## AIM OF THE EXERCISE
Verbatim output required. Print the data in full.

## DATA
(* In a 3-connected graph, a bridge whose attachments lie in a set S of at most two cycle
   vertices, missing some cycle vertex, is the chord S itself: a component bridge would be
   separated from that vertex by S. *)
lemma few_attachments_chord:
  assumes kc: "k_connected 3 V E" and sub: "set cs \<subseteq> V" and X: "X \<in> bridges V E cs"
    and att: "att cs X \<subseteq> S" and S: "S \<subseteq> set cs" "card S < 3"
    and v: "v \<in> set cs" "v \<notin> S"
  shows "X = (S, {S}) \<and> card S = 2 \<and> S \<notin> cycle_edges cs"
  using X
proof (cases rule: bridgesE)
  case (chord e)
  obtain u w where uw: "e = {u, w}" "u \<noteq> w"
    using kc chord(2) unfolding k_connected_def simple_graph_def by blast
  have "e \<subseteq> S" using att chord by (simp add: att_chord)
  moreover have "finite S" using S(1) finite_subset by blast
  moreover have "card e = 2" using uw by simp
  ultimately have "e = S" using S(2) by (metis card_seteq less_Suc_eq_le numeral_3_eq_3 numeral_2_eq_2)
  with chord uw show ?thesis by simp
next
  case (component H)
  have conn: "connected_set E (V - S)"
    using kc S sub unfolding k_connected_def by auto
  have closed: "y \<in> H" if "x \<in> H" "y \<in> V - S" "{x, y} \<in> E" for x y
  proof (cases "y \<in> set cs")
    case True
    then have "y \<in> att cs X" using that component(1) by (simp add: att_component_bridgeI)
    then show ?thesis using att that(2) by auto
  next
    case False
    then show ?thesis using component_of_step[OF component(2)] that by auto
  qed
  obtain h where "h \<in> H" using component_of_nonempty[OF component(2)] by blast
  moreover have "H \<subseteq> V - set cs" using component_of_subset[OF component(2)] .
  ultimately have "V - S \<subseteq> H"
    using connected_set_closed_subset[OF conn, of h H] closed S(1) by blast
  then show ?thesis using v sub \<open>H \<subseteq> V - set cs\<close> by blast
qed

subsection \<open>Conflict components\<close>

lemma conflict_componentE:
  assumes "conflict_component V E cs K"
  obtains X0 where "X0 \<in> bridges V E cs" "K = {Y. (X0, Y) \<in> (conflict_rel V E cs)\<^sup>*}"
  using assms unfolding conflict_component_def by blast

lemma conflict_component_member:
  assumes "conflict_component V E cs K"
  obtains X0 where "X0 \<in> K" "X0 \<in> bridges V E cs"
  using assms by (elim conflict_componentE) auto

lemma conflict_component_closed:
  assumes "conflict_component V E cs K" "X \<in> K" "(X, Y) \<in> conflict_rel V E cs"
  shows "Y \<in> K"
  using assms by (elim conflict_componentE) (auto intro: rtrancl_into_rtrancl)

## WRITTEN ANSWER
(* In a 3-connected graph, a bridge whose attachments lie in a set S of at most two cycle
   vertices, missing some cycle vertex, is the chord S itself: a component bridge would be
   separated from that vertex by S. *)
lemma few_attachments_chord:
  assumes kc: "k_connected 3 V E" and sub: "set cs \<subseteq> V" and X: "X \<in> bridges V E cs"
    and att: "att cs X \<subseteq> S" and S: "S \<subseteq> set cs" "card S < 3"
    and v: "v \<in> set cs" "v \<notin> S"
  shows "X = (S, {S}) \<and> card S = 2 \<and> S \<notin> cycle_edges cs"
  using X
proof (cases rule: bridgesE)
  case (chord e)
  obtain u w where uw: "e = {u, w}" "u \<noteq> w"
    using kc chord(2) unfolding k_connected_def simple_graph_def by blast
  have "e \<subseteq> S" using att chord by (simp add: att_chord)
  moreover have "finite S" using S(1) finite_subset by blast
  moreover have "card e = 2" using uw by simp
  ultimately have "e = S" using S(2) by (metis card_seteq less_Suc_eq_le numeral_3_eq_3 numeral_2_eq_2)
  with chord uw show ?thesis by simp
next
  case (component H)
  have conn: "connected_set E (V - S)"
    using kc S sub unfolding k_connected_def by auto
  have closed: "y \<in> H" if "x \<in> H" "y \<in> V - S" "{x, y} \<in> E" for x y
  proof (cases "y \<in> set cs")
    case True
    then have "y \<in> att cs X" using that component(1) by (simp add: att_component_bridgeI)
    then show ?thesis using att that(2) by auto
  next
    case False
    then show ?thesis using component_of_step[OF component(2)] that by auto
  qed
  obtain h where "h \<in> H" using component_of_nonempty[OF component(2)] by blast
  moreover have "H \<subseteq> V - set cs" using component_of_subset[OF component(2)] .
  ultimately have "V - S \<subseteq> H"
    using connected_set_closed_subset[OF conn, of h H] closed S(1) by blast
  then show ?thesis using v sub \<open>H \<subseteq> V - set cs\<close> by blast
qed

subsection \<open>Conflict components\<close>

lemma conflict_componentE:
  assumes "conflict_component V E cs K"
  obtains X0 where "X0 \<in> bridges V E cs" "K = {Y. (X0, Y) \<in> (conflict_rel V E cs)\<^sup>*}"
  using assms unfolding conflict_component_def by blast

lemma conflict_component_member:
  assumes "conflict_component V E cs K"
  obtains X0 where "X0 \<in> K" "X0 \<in> bridges V E cs"
  using assms by (elim conflict_componentE) auto

lemma conflict_component_closed:
  assumes "conflict_component V E cs K" "X \<in> K" "(X, Y) \<in> conflict_rel V E cs"
  shows "Y \<in> K"
  using assms by (elim conflict_componentE) (auto intro: rtrancl_into_rtrancl)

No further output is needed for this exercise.